Info from littlemachinineshop.com 



Hope this helps.
Tin


----------



## bazmak (Oct 30, 2013)

Many thanks for your prompt reply Tin.Will attempt my first single point
screw cutting in 20 years. I have just bought a small Advance lathe on e-bay
and have stripped it down,refurbished and reassembled.The nose is threaded
1" BSF (supposidly) 55o W form x 10tpi.I bought a 1" bsf nut but locks up,not sure yet where the problem is.I need to make,adaptor plt and faceplt for mounting chucks etc.Will 1st attempt a male thread,its easier and if thats 
successfull wil then try internal screwcutting.Any advise.I assume compound set at 27.5o.How do i locate each pass without a thread dial indicator.If possible could you let me have a list of additional threads that can be cut with the supplied gears.Many thanks
Regards barry


----------



## Tin Falcon (Oct 31, 2013)

Barry :

If you do not have a thread dial you will need to keep the half nut engaged .
(that is unless the thread is an even multiple of the lead screw) 

SOOO here is some info that should help a lot . Download it print it put it in a note book paper the shop wall with it if needed but read it understand it and use it. 
first of all the manual that should have come with your mini ,lathe but did not.

http://littlemachineshop.com/Info/MiniLatheUsersGuide.pdf

second of all a threading guide written for mach 3 cnc threading. before you or anyone else throws up arms and says but I am manual threading not using cnc read the manual. yes there are many pages you will ignore if not using mach 3 but there is a heap of threading info applicable to ALL lathe threading. 




http://www.machsupport.com/wp-content/uploads/2013/02/Mach3_Threading.pdf



And yes you will need to do a male thread first because you will need a male thread to gauge the size of the female thread. 

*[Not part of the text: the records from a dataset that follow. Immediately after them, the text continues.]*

lemma cden_code_cf_mod4:
  "cden (code_cf b) k mod 4 = (if k mod 4 = 3 \<and> b ((k - 3) div 4) then 3 else 1)"
proof (induction k rule: less_induct)
  case (less k)
  consider "k = 0" | "k = 1" | j where "k = Suc (Suc j)"
    by (metis One_nat_def not0_implies_Suc)
  then show ?case
  proof cases
    case 3
    then have "cden (code_cf b) k mod 4
        = (code_cf b k * (cden (code_cf b) (Suc j) mod 4) + cden (code_cf b) j mod 4) mod 4"
      by (simp add: mod_add_right_eq) (metis mod_add_left_eq mod_mult_right_eq)
    then show ?thesis using less.IH[of "Suc j"] less.IH[of j] code_cf_residue_step 3 by simp
  qed (simp_all add: code_cf_def)
qed

lemma one_mod_four_denominators_code_cf: "one_mod_four_denominators (code_cf b)"
proof
  show "1 \<le> code_cf b i" for i by (simp add: code_cf_def)
  show "odd (cden (code_cf b) k)" for k
  proof -
    have "cden (code_cf b) k mod 4 = 1 \<or> cden (code_cf b) k mod 4 = 3"
      using cden_code_cf_mod4[of b k] by simp
    then show ?thesis by presburger
  qed
  show "cden (code_cf b) k mod 4 = 1" if "even k" for k
  proof -
    have "k mod 4 \<noteq> 3" using that by presburger
    then show ?thesis by (simp add: cden_code_cf_mod4)
  qed
qed

definition code_real :: "(nat \<Rightarrow> bool) \<Rightarrow> real" where
  "code_real b = cf_value (code_cf b) 0"

lemma cf_code_real: "cf (code_real b) = code_cf b"
  unfolding code_real_def
  by (rule bounded_partial_quotients.cf_cf_value[where B = 4]) (unfold_locales; simp add: code_cf_def)

lemma code_real_irrational: "code_real b \<notin> \<rat>"
  by (rule irrational_if_cf_ge_one) (simp add: cf_code_real code_cf_def)

lemma jacobi_seq_code_real: "jacobi_seq (code_real b) k = JVal 1"
  by (rule one_mod_four_denominators.jacobi_seq_eq_one[OF one_mod_four_denominators_code_cf cf_code_real])

lemma inj_code_cf: "inj code_cf"
proof (rule injI)
  fix b b' :: "nat \<Rightarrow> bool" assume eq: "code_cf b = code_cf b'"
  show "b = b'"
  proof
    fix j
    have "(4 * j + 3 - 3) div 4 = j" "odd (4 * j + 3)" "\<not> 4 * j + 3 \<le> (1::nat)" by presburger+
    then show "b j = b' j" using fun_cong[OF eq, of "4 * j + 3"] by (auto simp: code_cf_def split: if_splits)
  qed
qed
lemma leibniz_sign_left:
  assumes "finite U" "S \<subseteq> U" "i \<notin> U"
  shows "ext_sign {i} U * ext_sign (insert i S) (U - S) = ext_sign S (U - S) * (ext_sign {i} S :: 'a::comm_ring_1)"
proof -
  have fin: "finite S" "finite (U - S)"
    using assms finite_subset by auto
  have "ext_sign {i} U = (ext_sign {i} S :: 'a) * ext_sign {i} (U - S)"
    using ext_sign_Un_right[of "{i}" S "U - S"] fin assms(2) by (simp add: Un_absorb1)
  moreover have "ext_sign (insert i S) (U - S) = ext_sign {i} (U - S) * (ext_sign S (U - S) :: 'a)"
    using ext_sign_Un_left[of "{i}" S "U - S"] fin assms by auto
  ultimately show ?thesis
    by (simp add: ac_simps)
qed

lemma leibniz_sign_right:
  assumes "finite U" "S \<subseteq> U" "i \<notin> U"
  shows "ext_sign {i} U * ext_sign S (insert i (U - S))
    = ext_sign S (U - S) * (-1) ^ card S * (ext_sign {i} (U - S) :: 'a::comm_ring_1)"
proof -
  have fin: "finite S" "finite (U - S)"
    using assms finite_subset by auto
  have "ext_sign {i} U = (ext_sign {i} S :: 'a) * ext_sign {i} (U - S)"
    using ext_sign_Un_right[of "{i}" S "U - S"] fin assms(2) by (simp add: Un_absorb1)
  moreover have "ext_sign S (insert i (U - S)) = ext_sign S {i} * (ext_sign S (U - S) :: 'a)"
    using ext_sign_Un_right[of S "{i}" "U - S"] fin assms by auto
  ultimately have "ext_sign {i} U * ext_sign S (insert i (U - S))
    = (ext_sign {i} S * ext_sign S {i}) * ext_sign S (U - S) * (ext_sign {i} (U - S) :: 'a)"
    by (simp add: ac_simps)
  also have "ext_sign {i} S * ext_sign S {i} = ((-1) ^ card S :: 'a)"
    using fin assms by (intro ext_sign_singleton_swap) auto
  finally show ?thesis
    by (simp add: ac_simps)
qed
lemma inj_on_SC_LEM_vertex:
  fixes C :: "('v, 'a::finite, 'p) smodel"
  assumes sm: "simplicial_model C"
  shows "inj_on (SC_LEM_vertex C) (sm_verts C)"
proof (rule inj_onI)
  fix v w assume v: "v \<in> sm_verts C" and "w \<in> sm_verts C"
    and eq: "SC_LEM_vertex C v = SC_LEM_vertex C w"
  from v obtain F where F: "F \<in> facets C" "v \<in> F" using Union_facets[OF sm] by blast
  with eq have "w \<in> F" "sm_col C v = sm_col C w" unfolding SC_LEM_vertex_def by auto
  with F show "v = w" using inj_on_col_facet[OF sm F(1)] by (auto dest: inj_onD)
qed

theorem smodel_iso_SC_LEM:
  fixes C :: "('v, 'a::finite, 'p) smodel"
  assumes sm: "simplicial_model C"
  shows "smodel_iso C (SC (LEM C))"
proof -
  let ?g = "SC_LEM_vertex C"
  have image_UN: "?g ` (sm_verts C \<inter> S) = (\<Union>F\<in>facets C. ?g ` (F \<inter> S))" for S
    using Union_facets[OF sm] by blast
  have "sm_verts (SC (LEM C)) = ?g ` sm_verts C"
    using image_UN[of UNIV] SC_LEM_vertices_facet[OF sm, of _ UNIV]
    by (simp add: sm_verts_SC_UN LEM_simps)
  moreover have "sm_lab (SC (LEM C)) p = ?g ` sm_lab C p" for p
    using image_UN[of "sm_lab C p"] SC_LEM_vertices_facet[OF sm] simplicial_modelD(6)[OF sm, of p]
    by (simp add: sm_lab_SC_UN LEM_simps Int_absorb1)
  moreover have "X \<in> sm_faces C \<longleftrightarrow> ?g ` X \<in> sm_faces (SC (LEM C))"
    if X: "X \<subseteq> sm_verts C" for X
  proof -
    have Fw: "Fw (LEM C) F = ?g ` F" if "F \<in> facets C" for F
      using SC_LEM_vertices_facet[OF sm that, of UNIV] by (simp add: Fw_eq_image LEM_simps)
    have sub: "?g ` X \<subseteq> ?g ` F \<longleftrightarrow> X \<subseteq> F" if "F \<in> facets C" for F
    proof -
      have "F \<subseteq> sm_verts C" using that Union_facets[OF sm] by blast
      with X show ?thesis
        using inj_on_image_mem_iff[OF inj_on_SC_LEM_vertex[OF sm]] unfolding image_subset_iff by blast
    qed
    show ?thesis
      by (simp add: face_iff_subset_facet[OF sm] faces_SC LEM_simps Fw sub cong: bex_cong)
  qed
  ultimately show ?thesis
    unfolding smodel_iso_def using inj_on_SC_LEM_vertex[OF sm]
    by (intro exI[of _ ?g]) (simp add: bij_betw_def SC_LEM_vertex_def sm_col_SC)
qed

lemma local_epistemic_equiv:
  assumes "local_epistemic M"
  shows "equiv {w \<in> km_worlds M. a \<in> km_dom M w} (km_rel M a)"
proof -
  let ?S = "{w \<in> km_worlds M. a \<in> km_dom M w}"
  have "(w, v) \<in> ?S \<times> ?S" if wv: "(w, v) \<in> km_rel M a" for w v
  proof -
    have W: "w \<in> km_worlds M" "v \<in> km_worlds M"
      using assms wv unfolding local_epistemic_def kripke_model_def by blast+
    moreover have "a \<in> km_dom M w"
      using assms wv W(1) unfolding local_epistemic_def kripke_model_def by blast
    moreover then have "a \<in> km_dom M v"
      using assms wv unfolding local_epistemic_def by blast
    ultimately show ?thesis by blast
  qed
  then have "km_rel M a \<inter> ?S \<times> ?S = km_rel M a" by auto
  moreover have "equiv ?S (km_rel M a \<inter> ?S \<times> ?S)"
    using assms unfolding local_epistemic_def Let_def by blast
  ultimately show ?thesis by simp
qed
(* For any natural numbers $N,d \geq 1$ there are infinitely many primes not in $\mathcal S_{d,N}$.
   Context: For $N\ge1$ let $\Pi_N=\{\prod_{n=1}^N n^{k_n} : k_n\in\{0,1,2,\dots\}\}$; for $d\ge1$ let $\Sigma_{d,N}=\{m_1+\dots+m_d : m_i\in\Pi_N\}$ and $\mathcal S_{d,N}=\bigcup_{i=1}^d\Sigma_{i,N}$. *)

theory Defs
  imports "HOL-Computational_Algebra.Primes"
begin

definition Pi_set :: "nat \<Rightarrow> nat set" where
  "Pi_set N = {m. \<exists>k :: nat \<Rightarrow> nat. m = (\<Prod>n\<in>{1..N}. n ^ k n)}"

definition Sigma_set :: "nat \<Rightarrow> nat \<Rightarrow> nat set" where
  "Sigma_set d N = {s. \<exists>m :: nat \<Rightarrow> nat. (\<forall>i\<in>{1..d}. m i \<in> Pi_set N) \<and> s = (\<Sum>i\<in>{1..d}. m i)}"

definition S_set :: "nat \<Rightarrow> nat \<Rightarrow> nat set" where
  "S_set d N = (\<Union>i\<in>{1..d}. Sigma_set i N)"

end

(* A product n_1^k_1 ... n_N^k_N below 2^L has all exponents k_n < L for n \<ge> 2, so
   S_{d,N} has at most d L^(N d) elements below 2^L: only polylogarithmically many.
   Chebyshev's argument, ln C(2n,n) \<le> \<psi>(2n) \<le> ln(2n) \<pi>(2n) log_2(2n), shows that
   \<pi>(x) grows like x / (log x)^2, which is eventually larger than any power of log x.
   Hence the primes below x cannot all lie in S_{d,N} up to a bounded exception. *)

theory Submission
  imports Defs "HOL-Number_Theory.Prime_Powers" "HOL-Real_Asymp.Real_Asymp"
begin

lemma ln_fact_eq_sum_mangoldt:
  assumes "n \<le> M"
  shows "ln (fact n) = (\<Sum>d\<in>{1..M}. mangoldt d * real (n div d))"
  using assms
proof (induction n)
  case 0
  then show ?case
    by simp
next
  case (Suc n)
  have div_Suc_split: "mangoldt d * real (Suc n div d) =
      mangoldt d * real (n div d) + (if d dvd Suc n then mangoldt d else 0)" for d
    by (auto simp: div_Suc dvd_eq_mod_eq_0 algebra_simps)
  have divisors: "{d\<in>{1..M}. d dvd Suc n} = {d. d dvd Suc n}"
    using Suc.prems by (auto dest: dvd_imp_le) (metis Suc_leI dvd_pos_nat zero_less_Suc)
  have "ln (fact (Suc n)) = ln (fact n) + ln (real (Suc n))"
    by (simp add: ln_mult fact_Suc)
  also have "ln (real (Suc n)) = (\<Sum>d | d dvd Suc n. mangoldt d)"
    using mangoldt_sum[of "Suc n", where 'a=real] by simp
  also have "\<dots> = (\<Sum>d\<in>{1..M}. if d dvd Suc n then mangoldt d else 0)"
    by (simp only: divisors [symmetric] sum.inter_filter [OF finite_atLeastAtMost])
  also have "ln (fact n) = (\<Sum>d\<in>{1..M}. mangoldt d * real (n div d))"
    using Suc by simp
  finally show ?case
    by (simp only: div_Suc_split sum.distrib)
qed

lemma double_div_le: "(2 * n) div d \<le> 2 * (n div d) + (1::nat)"
proof (cases "d = 0")
  case False
  have "2 * n = 2 * (n div d) * d + 2 * (n mod d)"
    by (metis div_mult_mod_eq distrib_left mult.assoc)
  moreover have "2 * (n mod d) < 2 * d"
    using False by simp
  ultimately have "2 * n < (2 * (n div d) + 2) * d"
    by (simp add: algebra_simps)
  then have "(2 * n) div d < 2 * (n div d) + 2"
    by (rule less_mult_imp_div_less)
  then show ?thesis
    by simp
qed simp

lemma ln_central_binomial_le_sum_mangoldt:
  "ln (real ((2 * n) choose n)) \<le> (\<Sum>d\<in>{1..2 * n}. mangoldt d)"
proof -
  have "real ((2 * n) choose n) = fact (2 * n) / (fact n * fact n)"
    using binomial_fact[of n "2 * n"] by simp
  then have "ln (real ((2 * n) choose n)) = ln (fact (2 * n)) - 2 * ln (fact n)"
    by (simp add: ln_div ln_mult)
  also have "\<dots> = (\<Sum>d\<in>{1..2 * n}. mangoldt d * (real ((2 * n) div d) - 2 * real (n div d)))"
    using ln_fact_eq_sum_mangoldt[of "2 * n" "2 * n"] ln_fact_eq_sum_mangoldt[of n "2 * n"]
    by (simp add: sum_subtractf sum_distrib_left algebra_simps)
  also have "\<dots> \<le> (\<Sum>d\<in>{1..2 * n}. mangoldt d)"
  proof (intro sum_mono)
    fix d
    have "real ((2 * n) div d) - 2 * real (n div d) \<le> 1"
      using double_div_le[of n d] by linarith
    then show "mangoldt d * (real ((2 * n) div d) - 2 * real (n div d)) \<le> mangoldt d"
      using mult_left_mono[OF _ mangoldt_nonneg] by fastforce
  qed
  finally show ?thesis .
qed

lemma sum_mangoldt_le_ln_mult_card_primepow:
  "(\<Sum>d\<in>{1..x}. mangoldt d) \<le> ln (real x) * card {d\<in>{1..x}. primepow d}"
proof -
  have "(\<Sum>d\<in>{1..x}. mangoldt d) = (\<Sum>d\<in>{d\<in>{1..x}. primepow d}. mangoldt d)"
    by (intro sum.mono_neutral_right) (auto simp: mangoldt_def)
  also have "\<dots> \<le> (\<Sum>d\<in>{d\<in>{1..x}. primepow d}. ln (real x))"
  proof (intro sum_mono)
    fix d
    assume "d \<in> {d\<in>{1..x}. primepow d}"
    then have "0 < d" "d \<le> x"
      by auto
    then show "mangoldt d \<le> ln (real x)"
      using mangoldt_le[of d] by (smt (verit) ln_le_cancel_iff of_nat_0_less_iff of_nat_mono)
  qed
  finally show ?thesis
    by (simp add: mult.commute)
qed

lemma card_primepow_le:
  fixes x L :: nat
  assumes "x < 2 ^ L"
  shows "card {d\<in>{1..x}. primepow d} \<le> card {p. prime p \<and> p \<le> x} * L"
proof -
  have "{d\<in>{1..x}. primepow d} \<subseteq> (\<lambda>(p, k). p ^ k) ` ({p. prime p \<and> p \<le> x} \<times> {..<L})"
  proof
    fix d
    assume d: "d \<in> {d\<in>{1..x}. primepow d}"
    then obtain p k where pk: "prime p" "k > 0" "d = p ^ k"
      by (auto simp: primepow_def)
    have "p \<le> d" "2 ^ k \<le> d"
      using pk prime_ge_2_nat[of p] by (auto intro: self_le_power power_mono)
    moreover have "d \<le> x"
      using d by simp
    ultimately have "p \<le> x" "2 ^ k < (2::nat) ^ L"
      using assms by linarith+
    then show "d \<in> (\<lambda>(p, k). p ^ k) ` ({p. prime p \<and> p \<le> x} \<times> {..<L})"
      using pk by auto
  qed
  then have "card {d\<in>{1..x}. primepow d} \<le> card ({p. prime p \<and> p \<le> x} \<times> {..<L})"
    by (intro surj_card_le) auto
  then show ?thesis
    by (simp add: card_cartesian_product)
qed

lemma chebyshev_lower_bound:
  fixes n L :: nat
  assumes "2 * n < 2 ^ L"
  shows "2 * n \<le> L * (1 + L * card {p. prime p \<and> p \<le> 2 * n})"
proof (cases "n = 0")
  case False
  define \<pi> where "\<pi> = card {p. prime p \<and> p \<le> 2 * n}"
  have "real (2 * n) < 2 ^ L"
    using assms by (metis of_nat_less_iff of_nat_numeral of_nat_power)
  then have ln_le: "ln (real (2 * n)) \<le> L * ln 2"
    using False by (simp add: ln_realpow [symmetric])
  have "2 * n * ln 2 = ln ((2::real) ^ (2 * n))"
    by (simp add: ln_realpow)
  also have "\<dots> \<le> ln (real (2 * n) * real ((2 * n) choose n))"
  proof -
    have "(2::real) ^ (2 * n) = 4 ^ n"
      by (simp add: power_mult)
    also have "\<dots> \<le> real (2 * n) * real ((2 * n) choose n)"
      using central_binomial_lower_bound[of n] False by (simp add: field_simps)
    finally show ?thesis
      by (rule ln_mono) simp
  qed
  also have "\<dots> = ln (real (2 * n)) + ln (real ((2 * n) choose n))"
    using False by (simp add: ln_mult)
  also have "ln (real ((2 * n) choose n)) \<le> ln (real (2 * n)) * (\<pi> * L)"
  proof -
    have "ln (real ((2 * n) choose n)) \<le> ln (real (2 * n)) * card {d\<in>{1..2 * n}. primepow d}"
      using ln_central_binomial_le_sum_mangoldt sum_mangoldt_le_ln_mult_card_primepow
      by (rule order_trans)
    also have "\<dots> \<le> ln (real (2 * n)) * (\<pi> * L)"
      using card_primepow_le[OF assms] False by (intro mult_left_mono) (auto simp: \<pi>_def simp flip: of_nat_mult)
    finally show ?thesis .
  qed
  also have "ln (real (2 * n)) + ln (real (2 * n)) * (\<pi> * L) \<le> L * ln 2 + L * ln 2 * (\<pi> * L)"
    using ln_le by (intro add_mono mult_right_mono) auto
  finally have "real (2 * n) * ln 2 \<le> real (L * (1 + L * \<pi>)) * ln 2"
    by (simp add: algebra_simps)
  then have "real (2 * n) \<le> real (L * (1 + L * \<pi>))"
    by simp
  then show ?thesis
    unfolding \<pi>_def of_nat_le_iff .
qed simp

lemma card_Pi_set_le:
  fixes x L :: nat
  assumes "x < 2 ^ L" "0 < L"
  shows "card (Pi_set N \<inter> {..x}) \<le> L ^ N"
proof -
  have "Pi_set N \<inter> {..x} \<subseteq> (\<lambda>k. \<Prod>n\<in>{1..N}. n ^ k n) ` PiE {1..N} (\<lambda>_. {..<L})"
  proof
    fix m
    assume m: "m \<in> Pi_set N \<inter> {..x}"
    then obtain k where k: "m = (\<Prod>n\<in>{1..N}. n ^ k n)"
      by (auto simp: Pi_set_def)
    \<comment> \<open>The exponent of the factor 1 is arbitrary, so normalise it to 0.\<close>
    define k' where "k' = restrict (\<lambda>n. if n = 1 then 0 else k n) {1..N}"
    have "m = (\<Prod>n\<in>{1..N}. n ^ k' n)"
      unfolding k k'_def by (intro prod.cong) auto
    moreover have "k n < L" if "n \<in> {2..N}" for n
    proof -
      have "n ^ k n dvd m"
        unfolding k using that by (intro dvd_prodI) auto
      moreover have "0 < m"
        unfolding k by (intro prod_pos) auto
      ultimately have "2 ^ k n \<le> m"
        using that by (meson atLeastAtMost_iff dvd_imp_le order_trans power_mono zero_le_numeral)
      moreover have "m \<le> x"
        using m by simp
      ultimately have "2 ^ k n < (2::nat) ^ L"
        using assms by linarith
      then show ?thesis
        by simp
    qed
    then have "k' \<in> PiE {1..N} (\<lambda>_. {..<L})"
      using assms by (auto simp: k'_def)
    ultimately show "m \<in> (\<lambda>k. \<Prod>n\<in>{1..N}. n ^ k n) ` PiE {1..N} (\<lambda>_. {..<L})"
      by blast
  qed
  then have "card (Pi_set N \<inter> {..x}) \<le> card (PiE {1..N} (\<lambda>_. {..<L :: nat}))"
    by (intro surj_card_le finite_PiE) auto
  then show ?thesis
    by (simp add: card_PiE)
qed

lemma card_sums_le:
  fixes A :: "nat set"
  shows "card ({s. \<exists>m. (\<forall>i\<in>{1..d}. m i \<in> A) \<and> s = (\<Sum>i\<in>{1..d}. m i)} \<inter> {..x})
    \<le> card (A \<inter> {..x}) ^ d"
proof -
  have "{s. \<exists>m. (\<forall>i\<in>{1..d}. m i \<in> A) \<and> s = (\<Sum>i\<in>{1..d}. m i)} \<inter> {..x}
    \<subseteq> (\<lambda>m. \<Sum>i\<in>{1..d}. m i) ` PiE {1..d} (\<lambda>_. A \<inter> {..x})"
  proof
    fix s
    assume "s \<in> {s. \<exists>m. (\<forall>i\<in>{1..d}. m i \<in> A) \<and> s = (\<Sum>i\<in>{1..d}. m i)} \<inter> {..x}"
    then obtain m where m: "\<forall>i\<in>{1..d}. m i \<in> A" "s = (\<Sum>i\<in>{1..d}. m i)" "s \<le> x"
      by auto
    have "m i \<le> x" if "i \<in> {1..d}" for i
      using member_le_sum[OF that, of m] m by simp
    then have "restrict m {1..d} \<in> PiE {1..d} (\<lambda>_. A \<inter> {..x})"
      using m by auto
    moreover have "s = (\<Sum>i\<in>{1..d}. restrict m {1..d} i)"
      using m by simp
    ultimately show "s \<in> (\<lambda>m. \<Sum>i\<in>{1..d}. m i) ` PiE {1..d} (\<lambda>_. A \<inter> {..x})"
      by blast
  qed
  then have "card ({s. \<exists>m. (\<forall>i\<in>{1..d}. m i \<in> A) \<and> s = (\<Sum>i\<in>{1..d}. m i)} \<inter> {..x})
    \<le> card (PiE {1..d} (\<lambda>_. A \<inter> {..x}))"
    by (intro surj_card_le finite_PiE) auto
  then show ?thesis
    by (simp add: card_PiE)
qed

lemma card_S_set_le:
  fixes x L :: nat
  assumes "x < 2 ^ L" "0 < L"
  shows "card (S_set d N \<inter> {..x}) \<le> d * L ^ (N * d)"
proof -
  have S_eq: "S_set d N \<inter> {..x} = (\<Union>i\<in>{1..d}. Sigma_set i N \<inter> {..x})"
    by (auto simp: S_set_def)
  have "card (S_set d N \<inter> {..x}) \<le> (\<Sum>i\<in>{1..d}. card (Sigma_set i N \<inter> {..x}))"
    unfolding S_eq by (rule card_UN_le) simp
  also have "\<dots> \<le> (\<Sum>i\<in>{1..d}. L ^ (N * d))"
  proof (intro sum_mono)
    fix i
    assume "i \<in> {1..d}"
    have "card (Sigma_set i N \<inter> {..x}) \<le> card (Pi_set N \<inter> {..x}) ^ i"
      unfolding Sigma_set_def by (rule card_sums_le)
    also have "\<dots> \<le> (L ^ N) ^ i"
      using card_Pi_set_le[OF assms] by (rule power_mono) simp
    also have "\<dots> \<le> (L ^ N) ^ d"
      using \<open>i \<in> {1..d}\<close> assms by (intro power_increasing) auto
    finally show "card (Sigma_set i N \<inter> {..x}) \<le> L ^ (N * d)"
      by (simp add: power_mult)
  qed
  finally show ?thesis
    by simp
qed

lemma card_primes_le_of_bounded_exceptions:
  fixes x L B :: nat
  assumes "\<And>p. prime p \<Longrightarrow> p \<notin> S_set d N \<Longrightarrow> p \<le> B" "x < 2 ^ L" "0 < L"
  shows "card {p. prime p \<and> p \<le> x} \<le> B + 1 + d * L ^ (N * d)"
proof -
  have "card {p. prime p \<and> p \<le> x} \<le> card ({..B} \<union> (S_set d N \<inter> {..x}))"
    using assms(1) by (intro card_mono) auto
  also have "\<dots> \<le> card {..B} + card (S_set d N \<inter> {..x})"
    by (rule card_Un_le)
  also have "\<dots> \<le> B + 1 + d * L ^ (N * d)"
    using card_S_set_le[OF assms(2,3), of d N] by simp
  finally show ?thesis .
qed

lemma eventually_poly_less_exp:
  fixes c K :: nat
  shows "eventually (\<lambda>L. c * L ^ K < 2 ^ L) sequentially"
proof -
  have "eventually (\<lambda>L. real c * real L ^ K < 2 ^ L) sequentially"
    by real_asymp
  then show ?thesis
    by (rule eventually_mono) (metis of_nat_less_iff of_nat_mult of_nat_numeral of_nat_power)
qed

theorem corollary6p11:
  fixes N d :: nat
  assumes "N \<ge> 1" and "d \<ge> 1"
  shows "infinite {p :: nat. prime p \<and> p \<notin> S_set d N}"
proof
  assume "finite {p :: nat. prime p \<and> p \<notin> S_set d N}"
  then obtain B where B: "\<And>p. prime p \<Longrightarrow> p \<notin> S_set d N \<Longrightarrow> p \<le> B"
    by (auto simp: finite_nat_set_iff_bounded_le)
  define K where "K = N * d"
  obtain L where L: "2 \<le> L" "2 * (B + 2 + d) * L ^ (K + 2) < 2 ^ L"
    using eventually_conj[OF eventually_ge_at_top eventually_poly_less_exp]
    unfolding eventually_sequentially by blast
  define n :: nat where "n = 2 ^ (L - 2)"
  have "2 * (2 * n) = 2 ^ L"
    using L(1) by (simp add: n_def power_Suc [symmetric] del: power_Suc)
  moreover have "0 < n"
    by (simp add: n_def)
  ultimately have "2 * n < 2 ^ L"
    by linarith
  then have "card {p. prime p \<and> p \<le> 2 * n} \<le> B + 1 + d * L ^ K"
    using card_primes_le_of_bounded_exceptions[OF B] L(1) by (simp add: K_def)
  then have "2 * n \<le> L * (1 + L * (B + 1 + d * L ^ K))"
    using chebyshev_lower_bound[OF \<open>2 * n < 2 ^ L\<close>] by (meson add_left_mono le_trans mult_le_mono2)
  also have "\<dots> = L + (B + 1) * L ^ 2 + d * L ^ (K + 2)"
    by (simp add: algebra_simps power2_eq_square power_add)
  also have "\<dots> \<le> L ^ (K + 2) + (B + 1) * L ^ (K + 2) + d * L ^ (K + 2)"
    using L(1) by (intro add_mono mult_left_mono power_increasing) (auto intro: self_le_power)
  finally have "2 ^ L \<le> 2 * (B + 2 + d) * L ^ (K + 2)"
    using \<open>2 * (2 * n) = 2 ^ L\<close> by (simp add: algebra_simps)
  then show False
    using L(2) by simp
qed

end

Littlemachineshop ,com can sell you a thread dial or any other part for the SIEG.
If you use the link in the previous thread you should be able to figure out the gears for any or almost any thread. you may need to get a 21 tooth gear to do imperial threads since you have a metric lathe. 
Tin


----------



## bazmak (Nov 14, 2013)

Hi again Tim,many thanks for your advise.After much head scratching
and recovering latent memories i finally worked out the basic formula
55/20 x 40/65 x 1.5 p = 2.54 pitch simples.Unfortunately the lathe did not come
with the 55 or 65 tooth gears.With the gears supplied i could get
60/40x40/35 x 1.5 = 2.57 Near enough for now thought i.Wrong .the gear train falls short of the leadscrew. Need the larger gears.Any advise where i can obtain the additional gears? Regards barry


----------



## hi speed scrap (Nov 15, 2013)

Hi Barry,

Try here,

http://compare.ebay.com.au/like/390697474242?clk_rvr_id=548079712696

here,

http://www.machines4u.com.au/browse/Metalworking-Machinery/Lathe-36/Bench-Top-Lathes-678/Melbourne/

or here,

http://www.machineryhouse.com.au/Centre-Lathes

Dave


----------



## Tin Falcon (Nov 15, 2013)

Here in the US the typical suspects are 
http://littlemachineshop.com/

These guys specialize in parts and accessories for the small machines and they now sell small machines. 
PLug your gear numbers into there gear calculator see what it comes up with. 

http://www.micromark.com/
Is in new jersey they sell machines some accessories they are a hobby tool company machine tools is part of there offering

Tin


----------



## Tin Falcon (Nov 15, 2013)

http://thehobbyistmachinestore.com/store/Mini-Lathe-Change-Gears.html

Have not dealt with this guy but has steel change gears sets for $55 that is 45% less than LMS

Tin


----------



## bazmak (Nov 18, 2013)

Thanks Tin,i have ordered a set of gears from hobbyist machine stores.$55 + $36 postage Will keep you posted when they 
arrive,and see if i can do some screwcutting


----------



## bazmak (Sep 12, 2014)

Hi everybody,back again.My next project is an er32 collet chuck for the Sieg
which i will post as it goes.My question is this.Has anyone done screwcutting on the Sieg variable speed lathe ??? My first attempt was a failure,no thread dial
and the Vspeed is no good,cant keep a low speed/torque,the motor just bogs down.Really need gearbox/backgears etc.However here is my line of thought
PLEASE add comments/suggestions before i get too far.I have fitted a rubbertyred wheel to the back of the headstock and plan to handfeed with the halfnuts permanently engaged and reverse motor back to start. Thread is 40mm
x 1.5 pitch.Will feed in with the compound at 30o etc etc. Last attempt was partially successful but i think the gears jumped a tooth so will have to take more care.I plan to turn the undercut after the thread as i wont have tool overun and this will allow me to cut the thread long.If i damage the first few
threads i can face off the end and have a 2nd bite of the pie.IF ANYBODY HAS
DONE SCREWCUTTING ON THE SC2 PLEASE POST Regards Barry


----------



## Cogsy (Sep 12, 2014)

I have cut many small threads on the SC3 variable speed (which I believe is almost identical to the SC2 just longer), from 3x0.5 up to about 12x1.25 (could be wrong on the pitch, haven't done it in a while), without any issues. For the small threads, taking around 0.004" per pass, I typically spin the lathe at around 40-60 rpm. With such a small cut depth and a sharp HSS cutter, torque wasn't a problem.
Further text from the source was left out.